> [PROVIDED MATERIAL]
---
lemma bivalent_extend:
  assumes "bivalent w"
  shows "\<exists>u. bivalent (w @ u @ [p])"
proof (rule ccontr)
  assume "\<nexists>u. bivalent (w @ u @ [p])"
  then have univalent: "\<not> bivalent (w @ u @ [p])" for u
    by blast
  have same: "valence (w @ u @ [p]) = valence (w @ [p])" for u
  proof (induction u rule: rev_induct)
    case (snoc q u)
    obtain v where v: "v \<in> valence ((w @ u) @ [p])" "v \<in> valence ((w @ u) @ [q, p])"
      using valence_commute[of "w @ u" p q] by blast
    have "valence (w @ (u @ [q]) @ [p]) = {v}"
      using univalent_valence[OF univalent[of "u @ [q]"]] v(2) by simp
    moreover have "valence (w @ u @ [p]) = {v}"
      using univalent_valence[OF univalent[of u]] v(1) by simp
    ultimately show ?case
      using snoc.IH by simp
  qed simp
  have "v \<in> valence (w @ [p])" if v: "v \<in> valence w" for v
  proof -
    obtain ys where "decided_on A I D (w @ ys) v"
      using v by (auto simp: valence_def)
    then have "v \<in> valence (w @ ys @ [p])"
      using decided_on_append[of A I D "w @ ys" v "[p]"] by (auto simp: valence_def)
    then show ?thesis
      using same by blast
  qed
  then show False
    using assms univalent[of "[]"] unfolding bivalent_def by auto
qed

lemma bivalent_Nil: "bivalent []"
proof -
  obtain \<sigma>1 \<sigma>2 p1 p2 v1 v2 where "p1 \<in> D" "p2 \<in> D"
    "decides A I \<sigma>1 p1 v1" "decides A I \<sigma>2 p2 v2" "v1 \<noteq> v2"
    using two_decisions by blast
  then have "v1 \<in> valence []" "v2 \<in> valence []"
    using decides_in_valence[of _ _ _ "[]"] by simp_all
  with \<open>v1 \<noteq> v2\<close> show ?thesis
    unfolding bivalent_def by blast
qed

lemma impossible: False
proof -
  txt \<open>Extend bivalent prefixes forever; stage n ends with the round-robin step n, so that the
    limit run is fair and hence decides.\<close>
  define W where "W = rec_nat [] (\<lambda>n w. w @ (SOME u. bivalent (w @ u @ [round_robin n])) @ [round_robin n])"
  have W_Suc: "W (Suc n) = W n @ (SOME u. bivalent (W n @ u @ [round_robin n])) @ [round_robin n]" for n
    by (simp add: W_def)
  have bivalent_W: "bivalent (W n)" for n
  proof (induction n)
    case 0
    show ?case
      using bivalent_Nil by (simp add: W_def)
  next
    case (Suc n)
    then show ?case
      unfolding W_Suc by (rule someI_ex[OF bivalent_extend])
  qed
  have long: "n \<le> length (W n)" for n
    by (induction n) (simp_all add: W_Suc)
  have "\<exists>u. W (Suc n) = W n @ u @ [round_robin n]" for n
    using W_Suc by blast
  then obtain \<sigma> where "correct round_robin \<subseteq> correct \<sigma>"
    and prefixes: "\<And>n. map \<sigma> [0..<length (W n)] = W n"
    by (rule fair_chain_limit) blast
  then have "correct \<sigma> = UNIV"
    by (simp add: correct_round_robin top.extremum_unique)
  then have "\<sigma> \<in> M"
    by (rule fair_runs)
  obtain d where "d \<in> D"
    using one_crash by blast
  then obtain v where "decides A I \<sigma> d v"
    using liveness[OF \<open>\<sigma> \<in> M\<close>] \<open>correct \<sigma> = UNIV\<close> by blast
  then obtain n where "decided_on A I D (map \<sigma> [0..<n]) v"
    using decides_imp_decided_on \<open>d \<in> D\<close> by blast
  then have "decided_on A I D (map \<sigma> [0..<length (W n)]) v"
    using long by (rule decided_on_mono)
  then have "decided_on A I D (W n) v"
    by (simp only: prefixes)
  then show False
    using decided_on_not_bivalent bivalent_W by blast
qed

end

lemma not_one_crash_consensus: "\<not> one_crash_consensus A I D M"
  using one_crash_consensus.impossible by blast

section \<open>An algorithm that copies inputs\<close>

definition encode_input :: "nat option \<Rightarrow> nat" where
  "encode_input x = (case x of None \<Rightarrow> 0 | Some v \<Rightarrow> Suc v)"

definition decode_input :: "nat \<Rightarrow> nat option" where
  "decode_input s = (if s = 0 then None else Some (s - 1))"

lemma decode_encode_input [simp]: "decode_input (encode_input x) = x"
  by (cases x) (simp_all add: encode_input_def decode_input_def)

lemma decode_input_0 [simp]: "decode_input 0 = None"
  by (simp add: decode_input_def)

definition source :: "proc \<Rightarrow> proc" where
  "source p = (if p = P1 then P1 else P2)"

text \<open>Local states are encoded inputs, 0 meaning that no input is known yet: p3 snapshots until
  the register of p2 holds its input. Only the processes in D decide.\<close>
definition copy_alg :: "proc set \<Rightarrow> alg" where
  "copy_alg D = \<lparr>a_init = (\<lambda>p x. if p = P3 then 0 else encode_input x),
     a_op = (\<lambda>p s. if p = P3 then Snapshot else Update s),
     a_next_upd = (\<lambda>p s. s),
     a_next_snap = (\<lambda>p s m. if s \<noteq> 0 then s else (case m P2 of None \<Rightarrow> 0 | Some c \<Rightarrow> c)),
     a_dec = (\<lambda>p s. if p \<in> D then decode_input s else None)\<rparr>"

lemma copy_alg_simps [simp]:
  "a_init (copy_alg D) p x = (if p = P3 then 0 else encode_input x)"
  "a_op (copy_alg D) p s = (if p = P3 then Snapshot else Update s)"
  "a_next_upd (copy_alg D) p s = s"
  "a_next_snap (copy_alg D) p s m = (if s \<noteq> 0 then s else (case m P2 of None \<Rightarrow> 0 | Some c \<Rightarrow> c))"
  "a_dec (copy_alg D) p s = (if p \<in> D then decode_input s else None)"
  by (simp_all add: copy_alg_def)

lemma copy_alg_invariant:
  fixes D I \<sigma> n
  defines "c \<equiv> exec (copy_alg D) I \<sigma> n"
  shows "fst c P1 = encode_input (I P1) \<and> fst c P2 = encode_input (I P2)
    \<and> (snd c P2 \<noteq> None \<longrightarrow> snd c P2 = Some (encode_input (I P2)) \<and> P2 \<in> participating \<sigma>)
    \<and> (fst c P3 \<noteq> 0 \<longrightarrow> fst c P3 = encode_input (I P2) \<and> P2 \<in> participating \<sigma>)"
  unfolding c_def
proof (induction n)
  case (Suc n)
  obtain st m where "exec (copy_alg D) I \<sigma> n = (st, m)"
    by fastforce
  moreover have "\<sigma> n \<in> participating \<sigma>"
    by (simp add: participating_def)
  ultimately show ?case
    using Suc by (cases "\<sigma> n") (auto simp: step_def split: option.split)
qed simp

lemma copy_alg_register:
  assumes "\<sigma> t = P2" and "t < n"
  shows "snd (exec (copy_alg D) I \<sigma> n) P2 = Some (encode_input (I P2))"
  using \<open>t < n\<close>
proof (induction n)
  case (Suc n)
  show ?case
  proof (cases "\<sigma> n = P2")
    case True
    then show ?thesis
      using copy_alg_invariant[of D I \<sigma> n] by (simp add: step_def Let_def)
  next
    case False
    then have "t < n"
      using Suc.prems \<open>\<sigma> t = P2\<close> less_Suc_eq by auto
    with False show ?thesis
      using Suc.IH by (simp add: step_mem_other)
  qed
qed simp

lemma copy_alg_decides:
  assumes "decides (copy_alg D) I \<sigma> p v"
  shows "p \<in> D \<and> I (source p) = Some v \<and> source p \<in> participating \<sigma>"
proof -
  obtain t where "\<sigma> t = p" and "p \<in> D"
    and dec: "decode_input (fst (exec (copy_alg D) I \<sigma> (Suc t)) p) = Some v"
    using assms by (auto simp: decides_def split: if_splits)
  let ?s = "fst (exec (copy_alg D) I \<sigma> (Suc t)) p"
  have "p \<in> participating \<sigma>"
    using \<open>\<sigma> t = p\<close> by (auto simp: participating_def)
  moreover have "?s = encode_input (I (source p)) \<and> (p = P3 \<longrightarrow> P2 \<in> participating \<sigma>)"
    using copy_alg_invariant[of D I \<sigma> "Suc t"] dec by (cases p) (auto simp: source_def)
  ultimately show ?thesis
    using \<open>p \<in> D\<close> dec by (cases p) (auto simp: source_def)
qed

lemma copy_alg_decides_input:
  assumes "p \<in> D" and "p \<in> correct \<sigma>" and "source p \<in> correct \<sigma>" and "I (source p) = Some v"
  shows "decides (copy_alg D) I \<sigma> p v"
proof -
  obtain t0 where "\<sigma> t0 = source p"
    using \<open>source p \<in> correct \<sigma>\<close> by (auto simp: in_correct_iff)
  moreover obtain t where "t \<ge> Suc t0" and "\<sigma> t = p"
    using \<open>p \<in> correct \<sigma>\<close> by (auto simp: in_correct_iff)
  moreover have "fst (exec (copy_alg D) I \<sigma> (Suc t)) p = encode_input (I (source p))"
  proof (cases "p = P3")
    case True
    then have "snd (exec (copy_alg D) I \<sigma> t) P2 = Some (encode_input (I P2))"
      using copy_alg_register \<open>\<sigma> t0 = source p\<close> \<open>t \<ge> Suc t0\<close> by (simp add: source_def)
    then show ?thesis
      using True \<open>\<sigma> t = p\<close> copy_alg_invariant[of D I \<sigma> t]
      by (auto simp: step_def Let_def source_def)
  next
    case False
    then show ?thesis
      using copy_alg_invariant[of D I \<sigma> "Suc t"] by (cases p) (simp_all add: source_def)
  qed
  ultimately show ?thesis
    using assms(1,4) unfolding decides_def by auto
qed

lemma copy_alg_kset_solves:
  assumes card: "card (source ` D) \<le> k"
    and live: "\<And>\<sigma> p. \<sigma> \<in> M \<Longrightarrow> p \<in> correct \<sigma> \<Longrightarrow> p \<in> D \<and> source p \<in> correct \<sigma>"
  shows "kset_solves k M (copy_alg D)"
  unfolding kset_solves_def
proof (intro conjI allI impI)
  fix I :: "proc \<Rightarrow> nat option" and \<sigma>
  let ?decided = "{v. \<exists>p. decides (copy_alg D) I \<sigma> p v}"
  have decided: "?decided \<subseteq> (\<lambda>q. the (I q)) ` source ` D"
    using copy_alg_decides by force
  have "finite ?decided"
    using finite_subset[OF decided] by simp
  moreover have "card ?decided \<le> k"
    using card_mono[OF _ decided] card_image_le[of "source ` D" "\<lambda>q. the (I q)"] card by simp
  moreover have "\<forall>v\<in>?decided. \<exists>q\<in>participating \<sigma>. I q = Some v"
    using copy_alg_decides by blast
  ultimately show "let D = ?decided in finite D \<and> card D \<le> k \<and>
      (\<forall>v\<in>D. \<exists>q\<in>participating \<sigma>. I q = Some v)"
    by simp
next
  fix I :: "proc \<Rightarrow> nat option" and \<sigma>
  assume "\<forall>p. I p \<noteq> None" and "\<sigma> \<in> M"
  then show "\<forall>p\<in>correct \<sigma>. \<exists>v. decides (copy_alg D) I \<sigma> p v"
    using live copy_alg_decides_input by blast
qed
---
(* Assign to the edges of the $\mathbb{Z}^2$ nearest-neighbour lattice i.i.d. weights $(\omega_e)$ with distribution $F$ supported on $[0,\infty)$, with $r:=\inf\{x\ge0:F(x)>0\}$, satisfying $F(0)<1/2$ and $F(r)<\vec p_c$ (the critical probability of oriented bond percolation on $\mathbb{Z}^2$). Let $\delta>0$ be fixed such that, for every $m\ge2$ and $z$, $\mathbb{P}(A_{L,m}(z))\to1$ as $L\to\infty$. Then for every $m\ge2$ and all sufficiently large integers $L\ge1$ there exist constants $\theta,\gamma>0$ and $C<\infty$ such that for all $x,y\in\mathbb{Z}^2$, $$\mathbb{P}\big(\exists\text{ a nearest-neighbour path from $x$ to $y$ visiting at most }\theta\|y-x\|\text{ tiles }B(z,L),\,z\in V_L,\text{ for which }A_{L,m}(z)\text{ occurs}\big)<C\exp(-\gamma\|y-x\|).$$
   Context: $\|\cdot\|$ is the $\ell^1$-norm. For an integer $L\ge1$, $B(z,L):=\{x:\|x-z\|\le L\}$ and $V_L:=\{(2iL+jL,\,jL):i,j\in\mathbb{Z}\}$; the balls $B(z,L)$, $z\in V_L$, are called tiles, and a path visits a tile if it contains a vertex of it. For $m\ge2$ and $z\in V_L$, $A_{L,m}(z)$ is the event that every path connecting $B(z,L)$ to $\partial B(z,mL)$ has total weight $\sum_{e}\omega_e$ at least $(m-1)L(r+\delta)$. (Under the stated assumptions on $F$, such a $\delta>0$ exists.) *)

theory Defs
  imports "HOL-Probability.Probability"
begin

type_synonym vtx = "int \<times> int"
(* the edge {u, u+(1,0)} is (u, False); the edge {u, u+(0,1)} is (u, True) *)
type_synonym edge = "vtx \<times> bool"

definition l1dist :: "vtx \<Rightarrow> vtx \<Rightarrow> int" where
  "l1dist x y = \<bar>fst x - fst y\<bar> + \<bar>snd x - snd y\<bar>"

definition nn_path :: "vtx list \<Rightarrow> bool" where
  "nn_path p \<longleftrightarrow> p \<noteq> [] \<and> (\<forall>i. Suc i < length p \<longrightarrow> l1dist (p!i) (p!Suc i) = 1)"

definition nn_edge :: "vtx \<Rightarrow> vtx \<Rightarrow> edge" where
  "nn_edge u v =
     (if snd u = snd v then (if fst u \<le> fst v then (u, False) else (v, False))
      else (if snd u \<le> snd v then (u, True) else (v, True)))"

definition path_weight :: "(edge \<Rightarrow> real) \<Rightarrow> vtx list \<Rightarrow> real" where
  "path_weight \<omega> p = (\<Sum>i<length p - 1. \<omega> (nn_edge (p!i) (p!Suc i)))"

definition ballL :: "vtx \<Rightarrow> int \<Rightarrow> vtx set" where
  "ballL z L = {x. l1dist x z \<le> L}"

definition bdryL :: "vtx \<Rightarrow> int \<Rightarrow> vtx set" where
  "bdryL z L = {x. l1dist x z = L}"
---
> [PROBLEM TO WORK ON]
Print only what lies in the material above starting at the line with "the register of" and ending at the line with "P2 = encode_input (I P2)", every line exactly as given.

> [REPLY]
  the register of p2 holds its input. Only the processes in D decide.\<close>
definition copy_alg :: "proc set \<Rightarrow> alg" where
  "copy_alg D = \<lparr>a_init = (\<lambda>p x. if p = P3 then 0 else encode_input x),
     a_op = (\<lambda>p s. if p = P3 then Snapshot else Update s),
     a_next_upd = (\<lambda>p s. s),
     a_next_snap = (\<lambda>p s m. if s \<noteq> 0 then s else (case m P2 of None \<Rightarrow> 0 | Some c \<Rightarrow> c)),
     a_dec = (\<lambda>p s. if p \<in> D then decode_input s else None)\<rparr>"

lemma copy_alg_simps [simp]:
  "a_init (copy_alg D) p x = (if p = P3 then 0 else encode_input x)"
  "a_op (copy_alg D) p s = (if p = P3 then Snapshot else Update s)"
  "a_next_upd (copy_alg D) p s = s"
  "a_next_snap (copy_alg D) p s m = (if s \<noteq> 0 then s else (case m P2 of None \<Rightarrow> 0 | Some c \<Rightarrow> c))"
  "a_dec (copy_alg D) p s = (if p \<in> D then decode_input s else None)"
  by (simp_all add: copy_alg_def)

lemma copy_alg_invariant:
  fixes D I \<sigma> n
  defines "c \<equiv> exec (copy_alg D) I \<sigma> n"
  shows "fst c P1 = encode_input (I P1) \<and> fst c P2 = encode_input (I P2)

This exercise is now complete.